====== Record excerpts ======

lemma conic_proportional_if_order_5:
  fixes y :: "'a::field fps"
  assumes y2: "y $ 2 \<noteq> 0" and "is_conic c"
    and order_c: "fps_X ^ 5 dvd conic_eval_fps c (fps_const u + fps_X) y 1"
    and order_d: "fps_X ^ 5 dvd conic_eval_fps d (fps_const u + fps_X) y 1"
  shows "\<exists>k. d = conic_smult k c"
proof -
  obtain c1 c2 c3 c4 c5 c6 where c: "c = (c1, c2, c3, c4, c5, c6)" by (cases c) auto
  obtain d1 d2 d3 d4 d5 d6 where d: "d = (d1, d2, d3, d4, d5, d6)" by (cases d) auto
  define v where "v = y $ 0"
  define w where "w = y - fps_const v"
  have y: "y = fps_const v + w" and w0: "w $ 0 = 0" and w2: "w $ 2 \<noteq> 0"
    using y2 by (simp_all add: w_def v_def)
  define \<delta>c where "\<delta>c = 2 * c2 * v + c4 * u + c6"
  define \<delta>d where "\<delta>d = 2 * d2 * v + d4 * u + d6"
  have "\<delta>c \<noteq> 0"
    using conic_eq_0_if_order_5[OF w0 w2, of c1 c2 c3 c4 c5 c6 u] order_c \<open>is_conic c\<close>
    by (auto simp: c y is_conic_def \<delta>c_def)
  define k where "k = \<delta>d / \<delta>c"
  let ?e = "(d1 - k * c1, d2 - k * c2, d3 - k * c3, d4 - k * c4, d5 - k * c5, d6 - k * c6)"
  have "conic_eval_fps ?e (fps_const u + fps_X) y 1 = conic_eval_fps d (fps_const u + fps_X) y 1
      - fps_const k * conic_eval_fps c (fps_const u + fps_X) y 1"
    by (simp add: c d conic_eval_fps_def fps_const_mult [symmetric] fps_const_sub [symmetric]
        algebra_simps del: fps_const_mult fps_const_sub)
  then have order_e: "fps_X ^ 5 dvd conic_eval_fps ?e (fps_const u + fps_X) (fps_const v + w) 1"
    using order_c order_d by (simp add: y)
  have "2 * (d2 - k * c2) * v + (d4 - k * c4) * u + (d6 - k * c6) = \<delta>d - k * \<delta>c"
    by (simp add: \<delta>c_def \<delta>d_def algebra_simps)
  also have "\<dots> = 0"
    using \<open>\<delta>c \<noteq> 0\<close> by (simp add: k_def)
  finally have "?e = (0, 0, 0, 0, 0, 0)" by (rule conic_eq_0_if_order_5[OF w0 w2 order_e])
  then have "d = conic_smult k c" by (simp add: c d conic_smult_def)
  then show ?thesis ..
qed

lemma int_mult_ge_iff:
  "enat k \<le> int_mult a b n m u v c \<longleftrightarrow>
     fps_X ^ k dvd conic_eval_fps c (branch_x u) (branch_y a b n m u v) 1"
  by (cases "conic_eval_fps c (branch_x u) (branch_y a b n m u v) 1 = 0")
     (simp_all add: int_mult_def fps_dvd_iff fps_X_power_subdegree)

lemma conic_eval_fps_conic_smult:
  "conic_eval_fps (conic_smult k c) X Y Z = fps_const k * conic_eval_fps c X Y Z"
  by (cases c) (simp add: conic_eval_fps_def conic_smult_def fps_const_mult [symmetric]
      algebra_simps del: fps_const_mult)

lemma int_mult_conic_smult:
  "k \<noteq> 0 \<Longrightarrow> int_mult a b n m u v (conic_smult k c) = int_mult a b n m u v c"
  by (simp add: int_mult_def Let_def conic_eval_fps_conic_smult)

lemma osculating_conic_if_int_mult_ge_5:
  assumes y2: "branch_y a b n m u v $ 2 \<noteq> 0" and "is_conic H"
    and H5: "5 \<le> int_mult a b n m u v H"
  shows "osculating_conic a b n m u v H"
proof -
  let ?I = "int_mult a b n m u v"
  have ge_5_iff: "5 \<le> ?I d \<longleftrightarrow>
      fps_X ^ 5 dvd conic_eval_fps d (fps_const u + fps_X) (branch_y a b n m u v) 1" for d
    using int_mult_ge_iff[of 5] by (simp add: numeral_eq_enat branch_x_def)
  have proportional: "\<exists>k. k \<noteq> 0 \<and> d = conic_smult k H" if "is_conic d" "5 \<le> ?I d" for d
  proof -
    from that H5 obtain k where "d = conic_smult k H"
      using conic_proportional_if_order_5[OF y2 \<open>is_conic H\<close>, of u d]
      by (auto simp: ge_5_iff)
    moreover from this \<open>is_conic d\<close> have "k \<noteq> 0"
      by (cases H) (auto simp: conic_smult_def is_conic_def)
    ultimately show ?thesis by blast
  qed
  have "?I d \<le> ?I H \<and> (?I d = ?I H \<longrightarrow> (\<exists>k. d = conic_smult k H))" if "is_conic d" for d
  proof (cases "5 \<le> ?I d")
    case True
    with proportional[OF that] show ?thesis by (auto simp: int_mult_conic_smult)
  next
    case False
    with H5 show ?thesis by auto
  qed
  with \<open>is_conic H\<close> show ?thesis by (simp add: osculating_conic_def)
qed

(* Four times the determinant of the symmetric 3x3 matrix of the quadratic form. *)
definition conic_disc :: "'a::comm_ring_1 conic \<Rightarrow> 'a" where
  "conic_disc c = (case c of (cxx, cyy, czz, cxy, cxz, cyz) \<Rightarrow>
      4 * cxx * cyy * czz + cxy * cxz * cyz - cxx * cyz ^ 2 - cyy * cxz ^ 2 - czz * cxy ^ 2)"

lemma conic_disc_lin_prod: "conic_disc (lin_prod l1 l2) = 0"
  by (cases l1; cases l2) (simp add: conic_disc_def lin_prod_def algebra_simps power2_eq_square)

lemma irreducible_conic_if_disc_nonzero: "is_conic c \<Longrightarrow> conic_disc c \<noteq> 0 \<Longrightarrow> irreducible_conic c"
  unfolding irreducible_conic_def using conic_disc_lin_prod by metis

section \<open>Congruences modulo t^5\<close>

lemmas conic_eval_fps_unfold = conic_eval_fps_def prod.case fps_const_mult [symmetric]
  fps_const_power [symmetric] fps_const_neg [symmetric] fps_numeral_fps_const [symmetric]
  fps_const_0_eq_0 fps_const_1_eq_1 power_one mult_1_right mult_zero_left add_0_right add_0_left
  mult_minus1

(* Here s, r stand for a x^n and b y^m on the branch and d for t^5.  The suffixes of the
   conic_congruence and osculating_conic lemmas record the residues of m and n modulo p. *)
context
  fixes s r x y d :: "'a::field fps"
  assumes curve: "s + r = 1"
begin

lemma conic_congruence_m2_n2:
  "d dvd s - fps_const A * x ^ 2 \<Longrightarrow> d dvd r - fps_const B * y ^ 2 \<Longrightarrow>
    d dvd conic_eval_fps (A, B, -1, 0, 0, 0) x y 1"
  using curve unfolding conic_eval_fps_unfold dvd_def by algebra

lemma conic_congruence_m_minus_1_n_minus_1:
  "d dvd s * x - fps_const A \<Longrightarrow> d dvd r * y - fps_const B \<Longrightarrow>
    d dvd conic_eval_fps (0, 0, 0, -1, B, A) x y 1"
  using curve unfolding conic_eval_fps_unfold dvd_def by algebra

lemma conic_congruence_m_half_n_half:
  "d dvd s ^ 2 - fps_const A * x \<Longrightarrow> d dvd r ^ 2 - fps_const B * y \<Longrightarrow>
    d dvd conic_eval_fps (A ^ 2, B ^ 2, 1, -2 * A * B, -2 * A, -2 * B) x y 1"
  using curve unfolding conic_eval_fps_unfold dvd_def by algebra

lemma conic_congruence_m_half_n1:
  "d dvd s - fps_const A * x \<Longrightarrow> d dvd r ^ 2 - fps_const B * y \<Longrightarrow>
    d dvd conic_eval_fps (- (A ^ 2), 0, -1, 0, 2 * A, B) x y 1"
  using curve unfolding conic_eval_fps_unfold dvd_def by algebra

lemma conic_congruence_m_minus_1_n1:
  "d dvd s - fps_const A * x \<Longrightarrow> d dvd r * y - fps_const B \<Longrightarrow>
    d dvd conic_eval_fps (0, 0, B, A, 0, -1) x y 1"
  using curve unfolding conic_eval_fps_unfold dvd_def by algebra

lemma conic_congruence_m2_n1:
  "d dvd s - fps_const A * x \<Longrightarrow> d dvd r - fps_const B * y ^ 2 \<Longrightarrow>
    d dvd conic_eval_fps (0, B, -1, 0, A, 0) x y 1"
  using curve unfolding conic_eval_fps_unfold dvd_def by algebra

lemma conic_congruence_m1_n2:
  "d dvd s - fps_const A * x ^ 2 \<Longrightarrow> d dvd r - fps_const B * y \<Longrightarrow>
    d dvd conic_eval_fps (A, 0, -1, 0, 0, B) x y 1"
  using curve unfolding conic_eval_fps_unfold dvd_def by algebra

lemma conic_congruence_m1_n_half:
  "d dvd s ^ 2 - fps_const A * x \<Longrightarrow> d dvd r - fps_const B * y \<Longrightarrow>
    d dvd conic_eval_fps (0, - (B ^ 2), -1, 0, A, 2 * B) x y 1"
  using curve unfolding conic_eval_fps_unfold dvd_def by algebra

lemma conic_congruence_m1_n_minus_1:
  "d dvd s * x - fps_const A \<Longrightarrow> d dvd r - fps_const B * y \<Longrightarrow>
    d dvd conic_eval_fps (0, 0, A, B, -1, 0) x y 1"
  using curve unfolding conic_eval_fps_unfold dvd_def by algebra

end

section \<open>The nine cases\<close>

locale fermat_curve_point =
  fixes p n m :: nat and a b u v :: "'a::field"
  assumes char: "CHAR('a) = p" and prime: "prime p" and p_ge_5: "5 \<le> p"
    and nonzero: "a \<noteq> 0" "b \<noteq> 0" "u \<noteq> 0" "v \<noteq> 0"
    and on_curve: "on_curve a b n m u v"
    and not_dvd: "\<not> p dvd m" "\<not> p dvd n"
    and exponents: "2 \<le> m" "2 \<le> n"
begin

abbreviation x :: "'a fps" where "x \<equiv> branch_x u"
abbreviation y :: "'a fps" where "y \<equiv> branch_y a b n m u v"

lemma of_nat_eq_if_dvd_diff: "p dvd j - i \<Longrightarrow> i \<le> j \<Longrightarrow> (of_nat j :: 'a) = of_nat i"
  using of_nat_eq_0_iff_char_dvd[of "j - i", where 'a = 'a] by (simp add: char of_nat_diff)

lemma of_nat_eq_minus_1_if_dvd: "p dvd j + 1 \<Longrightarrow> (of_nat j :: 'a) = - 1"
  using of_nat_eq_0_iff_char_dvd[of "j + 1", where 'a = 'a] by (simp add: char eq_neg_iff_add_eq_0 add.commute)

lemma two_neq_0: "(2 :: 'a) \<noteq> 0" and four_neq_0: "(4 :: 'a) \<noteq> 0"
  using of_nat_eq_0_iff_char_dvd[of 2, where 'a = 'a] of_nat_eq_0_iff_char_dvd[of 4, where 'a = 'a] p_ge_5
  by (auto simp: char dest: dvd_imp_le)

lemma on_curve_eq: "a * u ^ n + b * v ^ m = 1"
  using on_curve by (simp add: on_curve_def)

lemma curve_terms_nonzero: "a * u ^ n \<noteq> 0" "b * v ^ m \<noteq> 0"
  using nonzero by simp_all

lemma branch_y_nth_0: "y $ 0 = v"
  and branch_equation: "fps_const a * x ^ n + fps_const b * y ^ m = 1"
proof -
  have "of_nat m \<noteq> (0::'a)" using not_dvd by (simp add: of_nat_eq_0_iff_char_dvd char)
  from theI' [OF branch_equation_ex1 [OF this nonzero(4,2) on_curve]]
  show "y $ 0 = v" "fps_const a * x ^ n + fps_const b * y ^ m = 1"
    by (simp_all add: branch_y_def branch_x_def)
qed

lemma fps_X_5_dvd_power_minus_const:
  fixes f :: "'a fps"
  assumes "p dvd k"
  shows "fps_X ^ 5 dvd f ^ k - fps_const (f $ 0) ^ k"
  using fps_X_power_CHAR_dvd_power_minus_const[of k f] le_imp_power_dvd[OF p_ge_5, of "fps_X :: 'a fps"]
    assms prime by (auto simp: char intro: dvd_trans)

lemma branch_x_power_congruent: "p dvd k \<Longrightarrow> fps_X ^ 5 dvd x ^ k - fps_const u ^ k"
  using fps_X_5_dvd_power_minus_const[of k x] by (simp add: branch_x_def)

lemma branch_y_power_congruent: "p dvd k \<Longrightarrow> fps_X ^ 5 dvd y ^ k - fps_const v ^ k"
  using fps_X_5_dvd_power_minus_const[of k y] by (simp add: branch_y_nth_0)

lemma branch_x_reduction:
  assumes "p dvd e" "n * i + j = e + k"
  shows "fps_X ^ 5 dvd (fps_const a * x ^ n) ^ i * x ^ j - fps_const (a ^ i * u ^ e) * x ^ k"
proof -
  have "(fps_const a * x ^ n) ^ i * x ^ j = fps_const (a ^ i) * x ^ e * x ^ k"
    by (simp add: power_mult_distrib mult.assoc assms(2) flip: power_mult power_add)
  then have "(fps_const a * x ^ n) ^ i * x ^ j - fps_const (a ^ i * u ^ e) * x ^ k
      = fps_const (a ^ i) * x ^ k * (x ^ e - fps_const u ^ e)"
    by (simp add: algebra_simps flip: fps_const_mult)
  with branch_x_power_congruent[OF assms(1)] show ?thesis by (simp add: dvd_mult)
qed

lemma branch_y_reduction:
  assumes "p dvd e" "m * i + j = e + k"
  shows "fps_X ^ 5 dvd (fps_const b * y ^ m) ^ i * y ^ j - fps_const (b ^ i * v ^ e) * y ^ k"
proof -
  have "(fps_const b * y ^ m) ^ i * y ^ j = fps_const (b ^ i) * y ^ e * y ^ k"
    by (simp add: power_mult_distrib mult.assoc assms(2) flip: power_mult power_add)
  then have "(fps_const b * y ^ m) ^ i * y ^ j - fps_const (b ^ i * v ^ e) * y ^ k
      = fps_const (b ^ i) * y ^ k * (y ^ e - fps_const v ^ e)"
    by (simp add: algebra_simps flip: fps_const_mult)
  with branch_y_power_congruent[OF assms(1)] show ?thesis by (simp add: dvd_mult)
qed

======

One inclusive range is required: first line of the data through the line containing "obtain c1 c2". Set it down exactly and output nothing else.

lemma conic_proportional_if_order_5:
  fixes y :: "'a::field fps"
  assumes y2: "y $ 2 \<noteq> 0" and "is_conic c"
    and order_c: "fps_X ^ 5 dvd conic_eval_fps c (fps_const u + fps_X) y 1"
    and order_d: "fps_X ^ 5 dvd conic_eval_fps d (fps_const u + fps_X) y 1"
  shows "\<exists>k. d = conic_smult k c"
proof -
  obtain c1 c2 c3 c4 c5 c6 where c: "c = (c1, c2, c3, c4, c5, c6)" by (cases c) auto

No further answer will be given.